Tomas Venclova [Lithuania]

Tomas Venclova was born in the Lithuanian harbour city of Klaipėda (formerly Memel) in 1937. He studied Lithuanian Language and Literature in Vilnius. During longer periods of abode in Moscow (1961–1965) and Leningrad (1969–1972), he met other writers and dissidents and became an activist in the civil rights movement. He became friends with the poet Anna Akhmatova and with Alexander Ginzburg, Joseph Brodsky, and other authors. Between 1966 and 1971, he studied Semiotics and Russian Literature at the Estonian University of Tartu. He then returned to Vilnius and became a lecturer in the History of Literature and Semiotics at Vilnius University. 

In 1976 he was a co-founder of the Lithuanian Helsinki Group, which campaigned for the protection of human rights. In the following year, he managed to emigrate to the USA with the help of Brodsky and thanks to the mediation of Czesław Miłosz. He was a visiting professor at the University of California, Berkeley, and as a consequence of his human rights work lost his Soviet citizenship. The USA granted him political asylum. He taught Slavonic Literature at Yale from 1980 until 2012, where he also obtained his doctorate in 1985 and became a professor in 1993.
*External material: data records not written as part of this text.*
lemma left_indep_card_le_card_maps:
  fixes \<Gamma> \<Phi> :: "('a::division_ring \<Rightarrow> 'a) set"
  assumes aut: "\<And>\<sigma>. \<sigma> \<in> \<Gamma> \<Longrightarrow> ring_automorphism \<sigma>"
    and "finite \<Phi>"
    and stable: "\<And>\<sigma> \<phi>. \<sigma> \<in> \<Gamma> \<Longrightarrow> \<phi> \<in> \<Phi> \<Longrightarrow> \<exists>\<psi>\<in>\<Phi>. \<forall>y\<in>L. \<sigma> (\<psi> y) = \<phi> y"
    and ident: "\<exists>\<phi>\<in>\<Phi>. \<forall>y\<in>L. \<phi> y = y"
    and Y: "finite Y" "Y \<subseteq> L" "left_indep (fixed_points \<Gamma>) Y"
  shows "card Y \<le> card \<Phi>"
proof (rule ccontr)
  assume "\<not> card Y \<le> card \<Phi>"
  define Sol where "Sol c \<longleftrightarrow> (\<forall>\<phi>\<in>\<Phi>. (\<Sum>y\<in>Y. c y * \<phi> y) = 0)" for c
  obtain c0 y0 where c0: "Sol c0" "y0 \<in> Y" "c0 y0 \<noteq> 0"
    using underdetermined_system_nontrivial_solution[OF \<open>finite \<Phi>\<close> Y(1), of "\<lambda>y \<phi>. \<phi> y"]
      \<open>\<not> card Y \<le> card \<Phi>\<close> by (auto simp: Sol_def)
  have scale: "Sol (\<lambda>y. a * c y)" if "Sol c" for a c
    using that by (simp add: Sol_def mult.assoc flip: sum_distrib_left)
  obtain c y1 where c: "Sol c" "y1 \<in> Y" "c y1 = 1"
    and minimal: "\<And>d. Sol d \<Longrightarrow> d y1 = 0 \<Longrightarrow> \<forall>y\<in>Y. c y = 0 \<longrightarrow> d y = 0 \<Longrightarrow> \<forall>y\<in>Y. d y = 0"
    using normalized_minimal_support[OF Y(1) c0 scale] by blast
  \<comment> \<open>\<sigma> maps c to a relation that agrees with c at y1, so by minimality the two coincide.\<close>
  have "c y \<in> fixed_points \<Gamma>" if "y \<in> Y" for y
    unfolding fixed_points_def
  proof (intro CollectI ballI)
    fix \<sigma> assume \<sigma>: "\<sigma> \<in> \<Gamma>"
    note \<sigma>_aut = aut[OF \<sigma>]
    define d where "d y = \<sigma> (c y) - c y" for y
    have "Sol (\<lambda>y. \<sigma> (c y))"
      using ring_automorphism_preserves_relation[OF \<sigma>_aut stable[OF \<sigma>] Y(2)] c(1)
      by (simp add: Sol_def)
    then have "Sol d" using c(1) by (simp add: Sol_def d_def left_diff_distrib sum_subtractf)
    moreover have "d y1 = 0" "\<forall>y\<in>Y. c y = 0 \<longrightarrow> d y = 0"
      using c(3) ring_automorphism_one[OF \<sigma>_aut] ring_automorphism_zero[OF \<sigma>_aut]
      by (simp_all add: d_def)
    ultimately have "\<forall>y\<in>Y. d y = 0" by (rule minimal)
    then show "\<sigma> (c y) = c y" using that by (simp add: d_def)
  qed
  moreover have "(\<Sum>y\<in>Y. c y * y) = 0"
  proof -
    obtain \<phi> where "\<phi> \<in> \<Phi>" "\<forall>y\<in>L. \<phi> y = y" using ident by blast
    then show ?thesis using c(1) Y(2) by (auto simp: Sol_def subset_iff)
  qed
  ultimately have "c y1 = 0" using Y(3) c(2) unfolding left_indep_def by blast
  with c(3) show False by simp
qed

lemma left_spanning_set_card_le_card_maps:
  fixes \<Gamma> \<Phi> :: "('a::division_ring \<Rightarrow> 'a) set"
  assumes aut: "\<And>\<sigma>. \<sigma> \<in> \<Gamma> \<Longrightarrow> ring_automorphism \<sigma>"
    and "finite \<Phi>"
    and stable: "\<And>\<sigma> \<phi>. \<sigma> \<in> \<Gamma> \<Longrightarrow> \<phi> \<in> \<Phi> \<Longrightarrow> \<exists>\<psi>\<in>\<Phi>. \<forall>y\<in>L. \<sigma> (\<psi> y) = \<phi> y"
    and ident: "\<exists>\<phi>\<in>\<Phi>. \<forall>y\<in>L. \<phi> y = y"
    and "F \<subseteq> L"
  shows "\<exists>Y. finite Y \<and> Y \<subseteq> F \<and> card Y \<le> card \<Phi> \<and> F \<subseteq> left_span (fixed_points \<Gamma>) Y"
proof (rule left_span_of_bounded_indep)
  show "is_subfield (fixed_points \<Gamma>)" using aut by (rule is_subfield_fixed_points)
  show "card Y \<le> card \<Phi>" if "finite Y" "Y \<subseteq> F" "left_indep (fixed_points \<Gamma>) Y" for Y
    using assms that by (intro left_indep_card_le_card_maps[where L = L]) auto
qed

section \<open>The opposite ring\<close>

text \<open>
  A right vector space over a division ring is a left vector space over its opposite ring;
  this is how the right-handed statements are obtained from the left-handed ones.
\<close>

datatype 'a opp = Opp (unop: 'a)

instantiation opp :: (division_ring) division_ring
begin
definition "0 = Opp 0"
definition "1 = Opp 1"
definition "a + b = Opp (unop a + unop b)"
definition "- a = Opp (- unop a)"
definition "a - b = Opp (unop a - unop b)"
definition "a * b = Opp (unop b * unop a)"
definition "divide a b = Opp (inverse (unop b) * unop a)"
definition "inverse a = Opp (inverse (unop a))"
instance
proof
  fix a :: "'a opp"
  assume "a \<noteq> 0"
  then have "unop a \<noteq> 0" by (cases a) (simp add: zero_opp_def)
  then show "inverse a * a = 1" "a * inverse a = 1"
    by (simp_all add: times_opp_def inverse_opp_def one_opp_def)
qed (auto simp: zero_opp_def one_opp_def plus_opp_def uminus_opp_def minus_opp_def
       times_opp_def divide_opp_def inverse_opp_def algebra_simps opp.expand)
end

lemma sum_Opp: "(\<Sum>i\<in>A. Opp (f i)) = Opp (\<Sum>i\<in>A. f i)"
  by (induction A rule: infinite_finite_induct) (simp_all add: zero_opp_def plus_opp_def)

lemma right_span_eq_opp_left_span: "right_span K S = unop ` left_span (Opp ` K) (Opp ` S)"
proof -
  have sum_eq: "(\<Sum>s\<in>Opp ` S. c s * s) = Opp (\<Sum>s\<in>S. s * unop (c (Opp s)))" for c
    by (simp add: sum.reindex inj_on_def times_opp_def flip: sum_Opp)
  show ?thesis
  proof (intro equalityI subsetI)
    fix y assume "y \<in> right_span K S"
    then obtain c where "\<forall>s\<in>S. c s \<in> K" "y = (\<Sum>s\<in>S. s * c s)" by (auto simp: right_span_def)
    then have "Opp y \<in> left_span (Opp ` K) (Opp ` S)"
      unfolding left_span_def sum_eq by (intro CollectI exI[of _ "\<lambda>s. Opp (c (unop s))"]) auto
    then show "y \<in> unop ` left_span (Opp ` K) (Opp ` S)" by force
  next
    fix y assume "y \<in> unop ` left_span (Opp ` K) (Opp ` S)"
    then obtain c where "\<forall>s\<in>Opp ` S. c s \<in> Opp ` K" "y = unop (\<Sum>s\<in>Opp ` S. c s * s)"
      by (auto simp: left_span_def)
    then show "y \<in> right_span K S"
      unfolding right_span_def sum_eq by (intro CollectI exI[of _ "\<lambda>s. unop (c (Opp s))"]) force
  qed
qed

definition opp_map :: "('a \<Rightarrow> 'a) \<Rightarrow> 'a opp \<Rightarrow> 'a opp" where
  "opp_map \<sigma> x = Opp (\<sigma> (unop x))"

lemma ring_automorphism_opp_map:
  assumes "ring_automorphism \<sigma>"
  shows "ring_automorphism (opp_map \<sigma>)"
proof -
  have "bij \<sigma>" using assms by (simp add: ring_automorphism_def)
  then have "bij (opp_map \<sigma>)"
    by (intro o_bij[of "opp_map (inv_into UNIV \<sigma>)"])
      (auto simp: opp_map_def fun_eq_iff bij_def surj_f_inv_f inv_f_f)
  then show ?thesis using assms
    by (simp add: ring_automorphism_def opp_map_def plus_opp_def times_opp_def one_opp_def)
qed

lemma Opp_fixed_points: "Opp ` fixed_points \<Gamma> = fixed_points (opp_map ` \<Gamma>)"
proof (intro equalityI subsetI)
  fix x assume "x \<in> fixed_points (opp_map ` \<Gamma>)"
  then have "unop x \<in> fixed_points \<Gamma>" by (auto simp: fixed_points_def opp_map_def) (metis opp.sel)
  then show "x \<in> Opp ` fixed_points \<Gamma>" by (metis image_eqI opp.collapse)
qed (auto simp: fixed_points_def opp_map_def)

lemma right_spanning_set_card_le_card_maps:
  fixes \<Gamma> \<Phi> :: "('a::division_ring \<Rightarrow> 'a) set"
  assumes aut: "\<And>\<sigma>. \<sigma> \<in> \<Gamma> \<Longrightarrow> ring_automorphism \<sigma>"
    and "finite \<Phi>"
    and stable: "\<And>\<sigma> \<phi>. \<sigma> \<in> \<Gamma> \<Longrightarrow> \<phi> \<in> \<Phi> \<Longrightarrow> \<exists>\<psi>\<in>\<Phi>. \<forall>y\<in>L. \<sigma> (\<psi> y) = \<phi> y"
    and ident: "\<exists>\<phi>\<in>\<Phi>. \<forall>y\<in>L. \<phi> y = y"
    and "F \<subseteq> L"
  shows "\<exists>Y. finite Y \<and> Y \<subseteq> F \<and> card Y \<le> card \<Phi> \<and> F \<subseteq> right_span (fixed_points \<Gamma>) Y"
proof -
  have "\<exists>Y'. finite Y' \<and> Y' \<subseteq> Opp ` F \<and> card Y' \<le> card (opp_map ` \<Phi>)
    \<and> Opp ` F \<subseteq> left_span (fixed_points (opp_map ` \<Gamma>)) Y'"
  proof (rule left_spanning_set_card_le_card_maps)
    show "ring_automorphism \<sigma>'" if "\<sigma>' \<in> opp_map ` \<Gamma>" for \<sigma>'
      using that aut ring_automorphism_opp_map by blast
    show "\<exists>\<psi>'\<in>opp_map ` \<Phi>. \<forall>y\<in>Opp ` L. \<sigma>' (\<psi>' y) = \<phi>' y"
      if "\<sigma>' \<in> opp_map ` \<Gamma>" "\<phi>' \<in> opp_map ` \<Phi>" for \<sigma>' \<phi>'
      using that stable by (fastforce simp: opp_map_def)
    show "\<exists>\<phi>'\<in>opp_map ` \<Phi>. \<forall>y\<in>Opp ` L. \<phi>' y = y"
      using ident by (force simp: opp_map_def)
  qed (use \<open>finite \<Phi>\<close> \<open>F \<subseteq> L\<close> in auto)
  then obtain Y' where Y': "finite Y'" "Y' \<subseteq> Opp ` F" "card Y' \<le> card (opp_map ` \<Phi>)"
    "Opp ` F \<subseteq> left_span (fixed_points (opp_map ` \<Gamma>)) Y'" by blast
  have "right_span (fixed_points \<Gamma>) (unop ` Y') = unop ` left_span (fixed_points (opp_map ` \<Gamma>)) Y'"
    by (simp add: right_span_eq_opp_left_span Opp_fixed_points image_image)
  moreover have "F = unop ` Opp ` F" by (simp add: image_image)
  ultimately have "F \<subseteq> right_span (fixed_points \<Gamma>) (unop ` Y')"
    using image_mono[OF Y'(4), of unop] by simp
  moreover have "card (unop ` Y') \<le> card \<Phi>"
    using card_image_le[OF Y'(1), of unop] Y'(3) card_image_le[OF \<open>finite \<Phi>\<close>, of opp_map]
    by linarith
  moreover have "finite (unop ` Y')" "unop ` Y' \<subseteq> F" using Y'(1,2) by auto
  ultimately show ?thesis by (intro exI[of _ "unop ` Y'"]) simp
qed

section \<open>Dedekind independence in outer extensions\<close>

lemma outer_ext_intertwined_eq:
  assumes outer: "outer_ext K" and "K \<subseteq> L" and \<sigma>: "\<sigma> \<in> Gal K" "\<tau> \<in> Gal K"
    and "w \<noteq> 0" and intertwine: "\<And>z. z \<in> L \<Longrightarrow> w * \<tau> z = \<sigma> z * w"
    and "y \<in> L"
  shows "\<tau> y = \<sigma> y"
proof -
  have "w * k * inverse w = k" if "k \<in> K" for k
  proof -
    have "w * k = k * w" using intertwine[of k] that \<open>K \<subseteq> L\<close> \<sigma> by (auto simp: Gal_def)
    then show ?thesis using \<open>w \<noteq> 0\<close> by (metis mult.assoc right_inverse mult_1_right)
  qed
  then have central: "w * z * inverse w = z" for z
    using outer \<open>w \<noteq> 0\<close> unfolding outer_ext_def by blast
  have "w * \<tau> y = w * \<sigma> y"
    using intertwine[OF \<open>y \<in> L\<close>] central[of "\<sigma> y"] \<open>w \<noteq> 0\<close>
    by (metis mult.assoc mult_1_right left_inverse)
  then show ?thesis using \<open>w \<noteq> 0\<close> by simp
qed

lemma multiplicative_relation_shift:
  fixes M :: "('a::semiring_0 \<Rightarrow> 'a) set"
  assumes hom: "\<And>\<phi> y. \<phi> \<in> M \<Longrightarrow> y \<in> L \<Longrightarrow> \<phi> (z * y) = \<phi> z * \<phi> y"
    and mult: "\<And>y. y \<in> L \<Longrightarrow> z * y \<in> L"
    and rel: "\<forall>y\<in>L. (\<Sum>\<phi>\<in>M. c \<phi> * \<phi> y) = 0"
  shows "\<forall>y\<in>L. (\<Sum>\<phi>\<in>M. c \<phi> * \<phi> z * \<phi> y) = 0"
proof
  fix y assume "y \<in> L"
  then have "(\<Sum>\<phi>\<in>M. c \<phi> * \<phi> z * \<phi> y) = (\<Sum>\<phi>\<in>M. c \<phi> * \<phi> (z * y))"
    using hom by (simp add: mult.assoc)
  then show "(\<Sum>\<phi>\<in>M. c \<phi> * \<phi> z * \<phi> y) = 0" using rel mult \<open>y \<in> L\<close> by simp
qed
Since his poems and essays were censored in his home country, he produced most of his works in exile. Venclova translated Akhmatova, Brodsky, Miłosz, and Boris Pasternak, Osip Mandelstam, Baudelaire, Michaux, Pound, and Eliot into Lithuanian. One of his first poems, Hidalgo, was published as samizdat, also as a protest against the quelling of the Hungarian uprising in 1956.

Venclova is doubtlessly one of the most important Eastern European poets. In his very formal poetry, Venclova focuses on rhythm and sound and the particular qualities of the Lithuanian language. His themes are contemporary history, the loss of one’s home, and, of course, linguistic expression. Thanks to translations by Durs Grünbein and others, a part of Venclova’s oeuvre is available in German, including the three anthologies Vor der Tür das Ende der Welt (2002; tr: Before the Door the End of the World), Variation über das Thema Erwachen (2022; tr: Variation on the Theme of Awakening), and Gespräche im Winter (2007; Eng: Winter Dialogue), and his city portrait Vilnius – Eine Stadt in Europa (2006; Eng: Vilnius: A Personal History ).

In 2023, he received the Zbigniew Herbert International Literary Award. He is also a recipient of numerous other international and national awards.